(Collected data)

———

lemma tight_nondegenerate:
  assumes "card E \<le> n + m - 2"
  shows "i1 < i2" "j1 < j2"
  using degenerate_bound assms extreme_free_cols extreme_free_rows by fastforce+

lemma tight_boundary_edges:
  assumes "card E \<le> n + m - 2"
  shows "e \<in> boundary_edges \<Longrightarrow> card (edge_seg e \<inter> boundary_points) = 2"
    and "e \<in> boundary_edges \<Longrightarrow> e' \<in> boundary_edges \<Longrightarrow> e \<noteq> e'
      \<Longrightarrow> edge_seg e \<inter> edge_seg e' \<inter> boundary_points = {}"
proof -
  have "(\<Union>e\<in>boundary_edges. edge_seg e \<inter> boundary_points) = boundary_points"
    using boundary_points_covered by blast
  then have big: "2 * card boundary_edges \<le> card (\<Union>e\<in>boundary_edges. edge_seg e \<inter> boundary_points)"
    using nondegenerate_bounds(2)[OF tight_nondegenerate[OF assms] assms] by simp
  have fin: "finite (edge_seg e \<inter> boundary_points)" for e
    using finite_boundary_points by simp
  have le2: "card (edge_seg e \<inter> boundary_points) \<le> 2" if "e \<in> boundary_edges" for e
    using card_edge_boundary_le_2[of e boundary_points] that
    unfolding boundary_edges_def boundary_points_def by auto
  note exact = exact_double_cover[OF finite_boundary_edges fin le2 big]
  show "e \<in> boundary_edges \<Longrightarrow> card (edge_seg e \<inter> boundary_points) = 2"
    by (rule exact(1))
  show "e \<in> boundary_edges \<Longrightarrow> e' \<in> boundary_edges \<Longrightarrow> e \<noteq> e'
      \<Longrightarrow> edge_seg e \<inter> edge_seg e' \<inter> boundary_points = {}"
    using exact(2)[of e e'] by blast
qed

lemma tight_chord_matching:
  assumes "card E \<le> n + m - 2"
  shows "chord_matching E (real i1) (real i2) (real j1) (real j2) boundary_points"
proof (rule chord_matching.intro[OF rect_free_box], unfold_locales)
  show "finite boundary_points" by (rule finite_boundary_points)
  show "boundary_points \<subseteq> rect_boundary (real i1) (real i2) (real j1) (real j2)"
    unfolding boundary_points_def by blast
  show "{(real i1, real j1), (real i1, real j2), (real i2, real j1), (real i2, real j2)}
    \<subseteq> boundary_points"
    using extreme_free_cols extreme_free_rows by (auto intro!: grid_point_in_boundary)
  show "\<exists>e\<in>E. p \<in> edge_seg e" if "p \<in> boundary_points" for p
    using that boundary_points_covered unfolding boundary_edges_def by blast
  show "\<exists>q\<in>boundary_points. q \<noteq> p \<and> q \<in> edge_seg e"
    if "e \<in> E" "p \<in> boundary_points" "p \<in> edge_seg e" for e p
  proof -
    have "e \<in> boundary_edges" using that unfolding boundary_edges_def by blast
    then have "card (edge_seg e \<inter> boundary_points - {p}) = 1"
      using tight_boundary_edges(1)[OF assms] that(2,3) by (simp add: card_Diff_singleton_if)
    then obtain q where "q \<in> edge_seg e \<inter> boundary_points - {p}"
      by (metis card_1_singletonE insertI1)
    then show ?thesis by blast
  qed
  show "p \<notin> boundary_points"
    if "e \<in> E" "e' \<in> E" "e \<noteq> e'" "p \<in> edge_seg e" "p \<in> edge_seg e'" for e e' p
    using that tight_boundary_edges(2)[OF assms, of e e'] unfolding boundary_edges_def by blast
qed

lemma unit_square_bound:
  assumes "n \<le> 2" "m \<le> 2"
  shows "n + m - 1 \<le> card E"
proof (rule ccontr)
  assume "\<not> n + m - 1 \<le> card E"
  then have tight: "card E \<le> n + m - 2" by linarith
  interpret chord_matching E "real i1" "real i2" "real j1" "real j2" boundary_points
    by (rule tight_chord_matching[OF tight])
  have "i1 = 1" "i2 = 2" "j1 = 1" "j2 = 2" "n = 2" "m = 2"
    using tight_nondegenerate[OF tight] extreme_free_cols extreme_free_rows assms by linarith+
  then have "card E = 2" using tight lower_bound by simp
  have "boundary_points = {(1, 1), (1, 2), (2, 1), (2, 2)}"
  proof
    show "boundary_points \<subseteq> {(1, 1), (1, 2), (2, 1), (2, 2)}"
    proof
      fix p assume "p \<in> boundary_points"
      then obtain i j where "p = (real i, real j)" "i \<in> {1..2}" "j \<in> {1..2}"
        using \<open>n = 2\<close> \<open>m = 2\<close> unfolding boundary_points_def grid_def by blast
      moreover have "i = 1 \<or> i = 2" "j = 1 \<or> j = 2" using calculation(2,3) by auto
      ultimately show "p \<in> {(1, 1), (1, 2), (2, 1), (2, 2)}" by auto
    qed
    show "{(1, 1), (1, 2), (2, 1), (2, 2)} \<subseteq> boundary_points"
      using grid_point_in_boundary[of 1 1] grid_point_in_boundary[of 1 2]
        grid_point_in_boundary[of 2 1] grid_point_in_boundary[of 2 2]
        \<open>i1 = 1\<close> \<open>i2 = 2\<close> \<open>j1 = 1\<close> \<open>j2 = 2\<close> by simp
  qed
  then obtain e e' where "e \<in> E" "e' \<in> E" "e \<inter> e' = {}"
    using unit_square_disjoint_edges \<open>i1 = 1\<close> \<open>i2 = 2\<close> \<open>j1 = 1\<close> \<open>j2 = 2\<close> by auto
  then show False using edges_meet_if_card_2 \<open>card E = 2\<close> by blast
qed
(* Let $n$ and $s$ be sufficiently large, $k\in\mathbb N$ and $0<\varepsilon<1$. Suppose $G$ is an $n$-vertex $(\varepsilon,s)$-expander and $\frac{\varepsilon s}{k}\ge 10^5(\log n)^3$. Then there are pairwise edge-disjoint graphs $G_1,\dots,G_k$ with $E(G)=\bigcup_{i\in[k]}E(G_i)$ such that each $G_i$ has vertex set $V(G)$ and is an $\left(\frac{\varepsilon}{4},\frac{\varepsilon s}{10^4k(\log n)^2}\right)$-expander.
   Context: Logarithms are base 2. For $U\subseteq V(G)$, $N_G(U)$ is the set of vertices outside $U$ with a neighbour in $U$; $G-F$ is $G$ with edge set $F$ deleted. An $n$-vertex graph $G$ is an $(\varepsilon,s)$-expander if for every $U\subseteq V(G)$, $F\subseteq E(G)$ with $1\le|U|\le\frac23n$ and $|F|\le s|U|$ we have $|N_{G-F}(U)|\ge\varepsilon|U|/(\log n)^2$. *)

theory Defs
  imports Main "HOL-Library.Disjoint_Sets" Complex_Main
begin

definition graph :: "'a set \<Rightarrow> 'a set set \<Rightarrow> bool" where
  "graph V E \<longleftrightarrow> finite V \<and> (\<forall>e\<in>E. e \<subseteq> V \<and> card e = 2)"

definition nbhd :: "'a set \<Rightarrow> 'a set set \<Rightarrow> 'a set \<Rightarrow> 'a set" where
  "nbhd V E U = {v \<in> V - U. \<exists>u\<in>U. {u, v} \<in> E}"

definition expander :: "'a set \<Rightarrow> 'a set set \<Rightarrow> real \<Rightarrow> real \<Rightarrow> bool" where
  "expander V E eps s \<longleftrightarrow>
     (\<forall>U F. U \<subseteq> V \<longrightarrow> F \<subseteq> E \<longrightarrow> 1 \<le> card U \<longrightarrow>
        real (card U) \<le> 2/3 * real (card V) \<longrightarrow> real (card F) \<le> s * real (card U) \<longrightarrow>
        real (card (nbhd V (E - F) U)) \<ge> eps * real (card U) / (log 2 (real (card V)))\<^sup>2)"

end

———

#### Activity
Take every line above where "nbhd" appears and copy it.

#### Reply
definition nbhd :: "'a set \<Rightarrow> 'a set set \<Rightarrow> 'a set \<Rightarrow> 'a set" where
  "nbhd V E U = {v \<in> V - U. \<exists>u\<in>U. {u, v} \<in> E}"
        real (card (nbhd V (E - F) U)) \<ge> eps * real (card U) / (log 2 (real (card V)))\<^sup>2)"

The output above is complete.